[Stored data]
◇ ◇ ◇ ◇ ◇ ◇ ◇

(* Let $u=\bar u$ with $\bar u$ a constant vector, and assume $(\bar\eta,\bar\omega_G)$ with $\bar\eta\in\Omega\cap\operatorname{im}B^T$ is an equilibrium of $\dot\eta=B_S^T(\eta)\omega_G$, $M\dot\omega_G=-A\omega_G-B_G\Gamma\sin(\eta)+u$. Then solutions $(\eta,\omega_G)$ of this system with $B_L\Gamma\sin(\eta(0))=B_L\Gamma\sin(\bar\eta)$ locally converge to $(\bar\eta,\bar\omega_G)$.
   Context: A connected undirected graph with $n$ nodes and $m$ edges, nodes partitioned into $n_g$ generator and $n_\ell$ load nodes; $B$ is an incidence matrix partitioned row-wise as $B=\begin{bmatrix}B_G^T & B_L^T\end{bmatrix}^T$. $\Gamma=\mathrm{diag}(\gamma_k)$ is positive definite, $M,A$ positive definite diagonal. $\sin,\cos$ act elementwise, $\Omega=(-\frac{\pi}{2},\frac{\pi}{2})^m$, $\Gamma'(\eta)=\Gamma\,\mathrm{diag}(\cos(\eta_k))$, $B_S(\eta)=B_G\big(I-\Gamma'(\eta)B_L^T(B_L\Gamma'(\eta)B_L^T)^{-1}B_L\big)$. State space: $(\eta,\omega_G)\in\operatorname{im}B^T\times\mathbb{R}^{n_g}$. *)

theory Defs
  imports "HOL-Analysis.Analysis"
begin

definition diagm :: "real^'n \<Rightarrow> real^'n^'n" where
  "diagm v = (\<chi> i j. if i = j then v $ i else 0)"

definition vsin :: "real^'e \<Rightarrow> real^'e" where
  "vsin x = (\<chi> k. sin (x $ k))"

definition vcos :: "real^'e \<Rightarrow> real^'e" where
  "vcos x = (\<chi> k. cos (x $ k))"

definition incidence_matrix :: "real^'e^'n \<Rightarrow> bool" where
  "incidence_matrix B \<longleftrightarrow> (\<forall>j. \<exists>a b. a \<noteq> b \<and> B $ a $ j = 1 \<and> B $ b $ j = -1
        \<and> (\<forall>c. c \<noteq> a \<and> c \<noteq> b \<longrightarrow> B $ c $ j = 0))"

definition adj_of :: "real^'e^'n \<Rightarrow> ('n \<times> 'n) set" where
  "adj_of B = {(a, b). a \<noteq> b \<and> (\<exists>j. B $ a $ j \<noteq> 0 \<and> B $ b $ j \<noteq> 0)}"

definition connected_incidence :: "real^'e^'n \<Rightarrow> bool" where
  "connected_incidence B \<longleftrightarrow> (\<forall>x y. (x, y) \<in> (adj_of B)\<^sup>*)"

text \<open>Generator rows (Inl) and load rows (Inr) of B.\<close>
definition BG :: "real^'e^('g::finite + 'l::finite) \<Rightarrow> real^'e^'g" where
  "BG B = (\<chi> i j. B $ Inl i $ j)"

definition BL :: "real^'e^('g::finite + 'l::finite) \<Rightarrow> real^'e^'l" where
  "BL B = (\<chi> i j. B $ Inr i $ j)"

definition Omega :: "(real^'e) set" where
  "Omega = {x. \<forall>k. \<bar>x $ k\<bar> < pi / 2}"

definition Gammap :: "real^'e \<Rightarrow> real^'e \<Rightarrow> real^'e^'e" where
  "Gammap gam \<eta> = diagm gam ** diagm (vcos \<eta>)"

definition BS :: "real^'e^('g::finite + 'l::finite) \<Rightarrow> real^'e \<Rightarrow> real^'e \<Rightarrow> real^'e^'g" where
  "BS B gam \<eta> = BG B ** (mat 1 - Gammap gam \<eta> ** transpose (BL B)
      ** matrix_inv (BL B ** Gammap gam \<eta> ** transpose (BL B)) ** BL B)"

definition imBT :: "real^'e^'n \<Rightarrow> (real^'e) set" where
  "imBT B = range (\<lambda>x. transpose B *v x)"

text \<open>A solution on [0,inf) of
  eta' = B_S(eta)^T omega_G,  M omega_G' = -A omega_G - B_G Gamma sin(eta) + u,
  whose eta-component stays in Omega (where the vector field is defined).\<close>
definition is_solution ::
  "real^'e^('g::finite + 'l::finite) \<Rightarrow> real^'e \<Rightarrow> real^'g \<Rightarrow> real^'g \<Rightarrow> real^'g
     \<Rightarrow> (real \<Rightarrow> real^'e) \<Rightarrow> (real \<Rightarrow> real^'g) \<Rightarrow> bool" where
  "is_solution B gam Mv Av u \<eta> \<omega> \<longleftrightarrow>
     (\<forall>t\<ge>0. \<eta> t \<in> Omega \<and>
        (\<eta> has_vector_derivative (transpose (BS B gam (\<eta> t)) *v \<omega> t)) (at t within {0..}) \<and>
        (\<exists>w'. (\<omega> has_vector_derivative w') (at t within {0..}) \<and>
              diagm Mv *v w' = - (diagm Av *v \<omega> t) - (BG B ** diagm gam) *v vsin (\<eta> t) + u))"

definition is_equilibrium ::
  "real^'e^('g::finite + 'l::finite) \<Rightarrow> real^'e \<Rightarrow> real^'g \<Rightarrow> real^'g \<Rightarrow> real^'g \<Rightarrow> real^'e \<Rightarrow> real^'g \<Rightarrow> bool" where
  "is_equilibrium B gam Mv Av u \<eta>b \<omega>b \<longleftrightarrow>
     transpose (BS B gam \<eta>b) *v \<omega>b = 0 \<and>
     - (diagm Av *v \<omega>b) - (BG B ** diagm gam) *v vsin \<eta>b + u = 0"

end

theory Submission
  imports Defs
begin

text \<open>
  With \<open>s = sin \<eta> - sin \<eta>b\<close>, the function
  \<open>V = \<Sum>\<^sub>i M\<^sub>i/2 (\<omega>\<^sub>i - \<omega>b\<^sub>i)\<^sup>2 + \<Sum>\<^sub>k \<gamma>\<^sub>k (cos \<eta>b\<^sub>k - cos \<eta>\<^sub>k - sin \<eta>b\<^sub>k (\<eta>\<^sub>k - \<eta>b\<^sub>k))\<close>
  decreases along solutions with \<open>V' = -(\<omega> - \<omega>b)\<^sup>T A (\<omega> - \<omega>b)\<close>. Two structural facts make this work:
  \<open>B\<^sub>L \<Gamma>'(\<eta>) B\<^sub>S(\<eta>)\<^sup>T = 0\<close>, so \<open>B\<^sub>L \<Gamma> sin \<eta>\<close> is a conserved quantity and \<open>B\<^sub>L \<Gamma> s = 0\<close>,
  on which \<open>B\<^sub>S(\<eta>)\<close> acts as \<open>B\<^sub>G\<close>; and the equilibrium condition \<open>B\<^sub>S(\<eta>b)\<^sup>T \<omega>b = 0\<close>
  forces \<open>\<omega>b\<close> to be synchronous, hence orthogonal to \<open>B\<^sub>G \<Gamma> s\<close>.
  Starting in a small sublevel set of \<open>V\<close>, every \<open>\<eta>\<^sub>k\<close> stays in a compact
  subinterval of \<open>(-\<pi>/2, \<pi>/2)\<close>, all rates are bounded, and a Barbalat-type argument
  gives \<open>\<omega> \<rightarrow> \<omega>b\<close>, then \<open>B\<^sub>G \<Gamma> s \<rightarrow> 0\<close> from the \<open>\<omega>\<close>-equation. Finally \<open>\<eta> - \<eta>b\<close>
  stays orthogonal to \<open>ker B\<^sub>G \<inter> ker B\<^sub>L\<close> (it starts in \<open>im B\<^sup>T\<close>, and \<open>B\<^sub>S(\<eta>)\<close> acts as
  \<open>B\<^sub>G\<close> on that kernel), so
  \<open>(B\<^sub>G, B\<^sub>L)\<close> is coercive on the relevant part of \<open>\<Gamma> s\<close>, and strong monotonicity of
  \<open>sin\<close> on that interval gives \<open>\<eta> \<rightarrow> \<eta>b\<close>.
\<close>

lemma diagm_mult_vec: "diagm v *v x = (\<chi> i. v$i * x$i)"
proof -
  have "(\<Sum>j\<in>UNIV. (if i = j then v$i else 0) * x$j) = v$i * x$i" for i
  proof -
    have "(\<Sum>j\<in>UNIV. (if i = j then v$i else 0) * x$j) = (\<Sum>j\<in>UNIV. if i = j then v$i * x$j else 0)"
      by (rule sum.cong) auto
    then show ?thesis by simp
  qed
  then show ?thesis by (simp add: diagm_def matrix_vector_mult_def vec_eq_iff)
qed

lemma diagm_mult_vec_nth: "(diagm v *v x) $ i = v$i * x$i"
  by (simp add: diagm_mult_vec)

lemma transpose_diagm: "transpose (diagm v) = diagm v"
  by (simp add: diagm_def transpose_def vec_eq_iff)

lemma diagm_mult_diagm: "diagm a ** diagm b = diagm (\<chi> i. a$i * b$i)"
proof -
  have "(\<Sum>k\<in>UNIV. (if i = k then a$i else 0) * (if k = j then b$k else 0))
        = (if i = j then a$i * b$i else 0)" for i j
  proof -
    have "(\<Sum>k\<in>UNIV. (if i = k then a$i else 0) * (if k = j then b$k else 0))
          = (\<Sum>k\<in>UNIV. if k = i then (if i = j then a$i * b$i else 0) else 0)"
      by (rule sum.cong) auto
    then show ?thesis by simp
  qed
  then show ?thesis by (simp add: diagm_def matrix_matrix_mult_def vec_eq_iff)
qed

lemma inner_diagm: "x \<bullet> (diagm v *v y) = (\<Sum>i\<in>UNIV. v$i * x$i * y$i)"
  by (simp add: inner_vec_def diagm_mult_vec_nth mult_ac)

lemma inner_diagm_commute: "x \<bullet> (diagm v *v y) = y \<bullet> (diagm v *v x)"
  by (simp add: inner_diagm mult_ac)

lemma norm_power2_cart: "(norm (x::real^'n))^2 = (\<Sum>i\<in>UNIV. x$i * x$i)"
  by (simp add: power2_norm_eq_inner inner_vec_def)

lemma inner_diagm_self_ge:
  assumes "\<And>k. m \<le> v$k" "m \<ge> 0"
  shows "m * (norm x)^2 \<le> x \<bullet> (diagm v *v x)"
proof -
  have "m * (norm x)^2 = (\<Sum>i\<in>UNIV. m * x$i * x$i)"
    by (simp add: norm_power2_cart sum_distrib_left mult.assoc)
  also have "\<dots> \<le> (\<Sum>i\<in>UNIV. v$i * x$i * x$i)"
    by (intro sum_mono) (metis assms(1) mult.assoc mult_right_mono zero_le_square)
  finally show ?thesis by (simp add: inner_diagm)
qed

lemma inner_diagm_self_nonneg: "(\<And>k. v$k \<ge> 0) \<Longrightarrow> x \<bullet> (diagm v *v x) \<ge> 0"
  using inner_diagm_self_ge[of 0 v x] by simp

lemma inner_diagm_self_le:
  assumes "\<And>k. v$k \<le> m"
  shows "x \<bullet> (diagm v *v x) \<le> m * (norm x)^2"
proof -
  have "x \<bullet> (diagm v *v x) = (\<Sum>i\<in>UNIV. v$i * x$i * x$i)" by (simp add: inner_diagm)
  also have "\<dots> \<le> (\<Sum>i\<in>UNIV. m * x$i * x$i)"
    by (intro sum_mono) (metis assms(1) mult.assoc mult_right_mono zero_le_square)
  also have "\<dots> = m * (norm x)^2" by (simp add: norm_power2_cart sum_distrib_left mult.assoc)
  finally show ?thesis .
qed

◇ ◇ ◇ ◇ ◇ ◇ ◇

#### [What you have to do]
Using the entries above, return exactly the lines from the line with "eta' = B_S(eta)^T" to the line with "(\<eta>\<^sub>k - \<eta>b\<^sub>k))\<close>", counting both of those lines.

#### [Problem solution]
  eta' = B_S(eta)^T omega_G,  M omega_G' = -A omega_G - B_G Gamma sin(eta) + u,
  whose eta-component stays in Omega (where the vector field is defined).\<close>
definition is_solution ::
  "real^'e^('g::finite + 'l::finite) \<Rightarrow> real^'e \<Rightarrow> real^'g \<Rightarrow> real^'g \<Rightarrow> real^'g
     \<Rightarrow> (real \<Rightarrow> real^'e) \<Rightarrow> (real \<Rightarrow> real^'g) \<Rightarrow> bool" where
  "is_solution B gam Mv Av u \<eta> \<omega> \<longleftrightarrow>
     (\<forall>t\<ge>0. \<eta> t \<in> Omega \<and>
        (\<eta> has_vector_derivative (transpose (BS B gam (\<eta> t)) *v \<omega> t)) (at t within {0..}) \<and>
        (\<exists>w'. (\<omega> has_vector_derivative w') (at t within {0..}) \<and>
              diagm Mv *v w' = - (diagm Av *v \<omega> t) - (BG B ** diagm gam) *v vsin (\<eta> t) + u))"

definition is_equilibrium ::
  "real^'e^('g::finite + 'l::finite) \<Rightarrow> real^'e \<Rightarrow> real^'g \<Rightarrow> real^'g \<Rightarrow> real^'g \<Rightarrow> real^'e \<Rightarrow> real^'g \<Rightarrow> bool" where
  "is_equilibrium B gam Mv Av u \<eta>b \<omega>b \<longleftrightarrow>
     transpose (BS B gam \<eta>b) *v \<omega>b = 0 \<and>
     - (diagm Av *v \<omega>b) - (BG B ** diagm gam) *v vsin \<eta>b + u = 0"

end

theory Submission
  imports Defs
begin

text \<open>
  With \<open>s = sin \<eta> - sin \<eta>b\<close>, the function
  \<open>V = \<Sum>\<^sub>i M\<^sub>i/2 (\<omega>\<^sub>i - \<omega>b\<^sub>i)\<^sup>2 + \<Sum>\<^sub>k \<gamma>\<^sub>k (cos \<eta>b\<^sub>k - cos \<eta>\<^sub>k - sin \<eta>b\<^sub>k (\<eta>\<^sub>k - \<eta>b\<^sub>k))\<close>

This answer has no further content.